Nearly 10 Million Barrels Resting in Kentucky – Is that Good?

Bardstown Bourbon Company

Author: Steve Coomes

Written: December 2020

In October, the Kentucky Distillers’ Association released record numbers for whiskey barrels filled (2.1 million) and total barrels in aging (9.86 million) at the end of 2019. Cooperages raising those casks are hammering and charring round the clock, massive rickhouses needed to hold them all are rising rapidly, and distilleries are running 24-7.

Impressive, right?

Not really, if you ask distillery owners. The liquid in at least half those barrels won’t mature to sale-readiness for years, and of the roughly 15 percent that could be dumped tomorrow, the resulting bottles filled would do little to quench the world’s thirst for American whiskey.

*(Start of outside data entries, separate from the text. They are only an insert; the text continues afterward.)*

(* Let $n \geq 2$ be an integer, let $\mathcal{V}_1,\mathcal{V}_2$ be vector spaces over a field $\mathbb{F}$, and let $E=\{x_a \otimes y_a: a \in[n] \}$ be a multiset of product tensors in $\mathcal{V}_1\otimes\mathcal{V}_2$ (with $x_a\in\mathcal{V}_1\setminus\{0\}$, $y_a\in\mathcal{V}_2\setminus\{0\}$). Let $d_1=\dim\operatorname{span} \{ x_a: a \in [n]\}$ and $d_2=\dim\operatorname{span} \{ y_a: a \in [n]\}$. If $E$ is connected, then $\dim\operatorname{span}(E)\geq d_1+d_2-1$.
   Context: $[n]=\{1,\dots,n\}$. A multiset of non-zero vectors $\{v_1,\dots,v_n\}$ ($n\ge2$) splits if there is a sub-multiset $S$ with $1\le |S|\le n-1$ such that $\operatorname{span}\{v_1,\dots,v_n\}=\operatorname{span}(S)\oplus\operatorname{span}(S^c)$, where $S^c$ is the complementary sub-multiset; it is connected if it does not split. *)

theory Defs
  imports Complex_Main "HOL-Library.Function_Algebras"
begin

text \<open>Vector spaces are modelled as spaces of functions from an index type into the
field, with pointwise scalar multiplication (every vector space embeds linearly
into such a space).\<close>

definition fscale :: "'a::field \<Rightarrow> ('i \<Rightarrow> 'a) \<Rightarrow> ('i \<Rightarrow> 'a)" where
  "fscale c f = (\<lambda>i. c * f i)"

lemma vector_space_fscale: "vector_space (fscale :: 'a::field \<Rightarrow> ('i \<Rightarrow> 'a) \<Rightarrow> _)"
  by unfold_locales (auto simp: fscale_def algebra_simps)

abbreviation fspan :: "('i \<Rightarrow> 'a::field) set \<Rightarrow> ('i \<Rightarrow> 'a) set" where
  "fspan \<equiv> module.span fscale"

abbreviation fdim :: "('i \<Rightarrow> 'a::field) set \<Rightarrow> nat" where
  "fdim \<equiv> vector_space.dim fscale"

text \<open>Product tensor: x \<otimes> y realised as the function (i,j) \<mapsto> x i * y j
(the canonical injective embedding of the algebraic tensor product).\<close>

definition tprod :: "('i \<Rightarrow> 'a::field) \<Rightarrow> ('j \<Rightarrow> 'a) \<Rightarrow> ('i \<times> 'j \<Rightarrow> 'a)" where
  "tprod x y = (\<lambda>(i, j). x i * y j)"

text \<open>A multiset {v_1,...,v_n} is given as an indexed family v on [n] = {1..n}.
A sub-multiset S corresponds to a subset of the index set.\<close>

definition splits :: "nat \<Rightarrow> (nat \<Rightarrow> ('i \<Rightarrow> 'a::field)) \<Rightarrow> bool" where
  "splits n v \<longleftrightarrow> (\<exists>S. S \<subseteq> {1..n} \<and> 1 \<le> card S \<and> card S \<le> n - 1 \<and>
     fspan (v ` {1..n}) =
       {p + q | p q. p \<in> fspan (v ` S) \<and> q \<in> fspan (v ` ({1..n} - S))} \<and>
     fspan (v ` S) \<inter> fspan (v ` ({1..n} - S)) = {0})"

definition connected_family :: "nat \<Rightarrow> (nat \<Rightarrow> ('i \<Rightarrow> 'a::field)) \<Rightarrow> bool" where
  "connected_family n v \<longleftrightarrow> \<not> splits n v"

end

theory Submission
  imports Defs
begin

text \<open>Let \<open>E = [n]\<close>, \<open>t\<^sub>a = x\<^sub>a \<otimes> y\<^sub>a\<close>, and call \<open>dim span x(U) + dim span y(U) - dim span t(U)\<close>
the excess of \<open>U \<subseteq> E\<close>. A singleton has excess 1, so it suffices that the excess does not
increase along a chain of sets growing from \<open>{1}\<close> to \<open>E\<close>. If \<open>U \<noteq> E\<close>, connectedness makes
\<open>span t(U) \<inter> span t(E - U)\<close> nontrivial; among its nonzero vectors \<open>\<Sum> c\<^sub>d t\<^sub>d\<close> (sum over
\<open>d \<in> D \<subseteq> E - U\<close>) take one with \<open>D\<close> minimal. By minimality, \<open>D\<close> minus any one index is
independent modulo \<open>span t(U)\<close>, so passing from \<open>U\<close> to \<open>U \<union> D\<close> raises \<open>dim span t\<close> by at
least \<open>|D| - 1\<close>. Let \<open>B \<subseteq> D\<close> index a basis of \<open>x(D)\<close> modulo \<open>span x(U)\<close>. Every column of
the relation is a relation among the \<open>x\<^sub>d\<close> modulo \<open>span x(U)\<close>; expanding the \<open>x\<^sub>d\<close>, \<open>d \<notin> B\<close>,
in that basis shows \<open>y\<^sub>b \<in> span y(D - B)\<close> for \<open>b \<in> B\<close>, while a nonzero row of the relation
lies in \<open>span y(U) \<inter> span y(D - B)\<close>. So \<open>dim span x\<close> rises by at most \<open>|B|\<close> and
\<open>dim span y\<close> by at most \<open>|D - B| - 1\<close>.\<close>

interpretation fs: vector_space "fscale :: 'a::field \<Rightarrow> ('i \<Rightarrow> 'a) \<Rightarrow> ('i \<Rightarrow> 'a)"
  by (rule vector_space_fscale)

lemma sum_apply: "(\<Sum>k\<in>K. f k) i = (\<Sum>k\<in>K. f k i)"
  by (induction K rule: infinite_finite_induct) auto

text \<open>The library versions of the next two facts (\<open>dim_mono\<close>, \<open>dim_insert\<close>) assume a
finite-dimensional ambient space, which a function space \<open>'i \<Rightarrow> 'a\<close> need not be; finiteness of
the spanning sets suffices.\<close>

lemma dim_mono_finite:
  assumes "V \<subseteq> fspan W" "finite W"
  shows "fdim V \<le> fdim W"
proof -
  obtain B where B: "B \<subseteq> W" "fs.independent B" "W \<subseteq> fspan B" "card B = fdim W"
    using fs.basis_exists .
  have "V \<subseteq> fspan B"
    using assms(1) fs.span_minimal[OF B(3) fs.subspace_span] by blast
  then show ?thesis
    using fs.dim_le_card B(1,4) assms(2) finite_subset by metis
qed

lemma dim_insert_finite:
  assumes "finite S"
  shows "fdim (insert a S) = (if a \<in> fspan S then fdim S else fdim S + 1)"
proof (cases "a \<in> fspan S")
  case True
  then have "fspan (insert a S) = fspan S"
    by (rule fs.span_redundant)
  with True show ?thesis
    by (metis fs.dim_span)
next
  case False
  obtain B where B: "B \<subseteq> S" "fs.independent B" "S \<subseteq> fspan B" "card B = fdim S"
    using fs.basis_exists .
  have "fspan B = fspan S"
    using B(1,3) fs.span_eq fs.span_superset by blast
  then have "a \<notin> fspan B"
    using False by simp
  then have "fs.independent (insert a B)"
    using B(2) by (rule fs.independent_insertI)
  moreover have "insert a S \<subseteq> fspan (insert a B)"
    using B(3) fs.span_mono[of B "insert a B"] fs.span_base[of a "insert a B"] by auto
  ultimately have "card (insert a B) = fdim (insert a S)"
    using B(1) by (intro fs.basis_card_eq_dim) auto
  moreover have "a \<notin> B"
    using \<open>a \<notin> fspan B\<close> fs.span_base by blast
  ultimately show ?thesis
    using False B(1,4) assms finite_subset by fastforce
qed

Distillery owners describe progress toward meeting product demand as comparable to driving up an icy hill with the accelerator floored. No matter how frantically they convert grain into alcohol, its transformation into delicious brown liquor takes years that can’t be hastened.

Yet despite that reality, some American whiskey fans cast a wary eye on the image of so many resting barrels. Skeptics point to U.S. whiskey busts of the 1950s and 1970s with concern that so much liquid on hand could create a glut if …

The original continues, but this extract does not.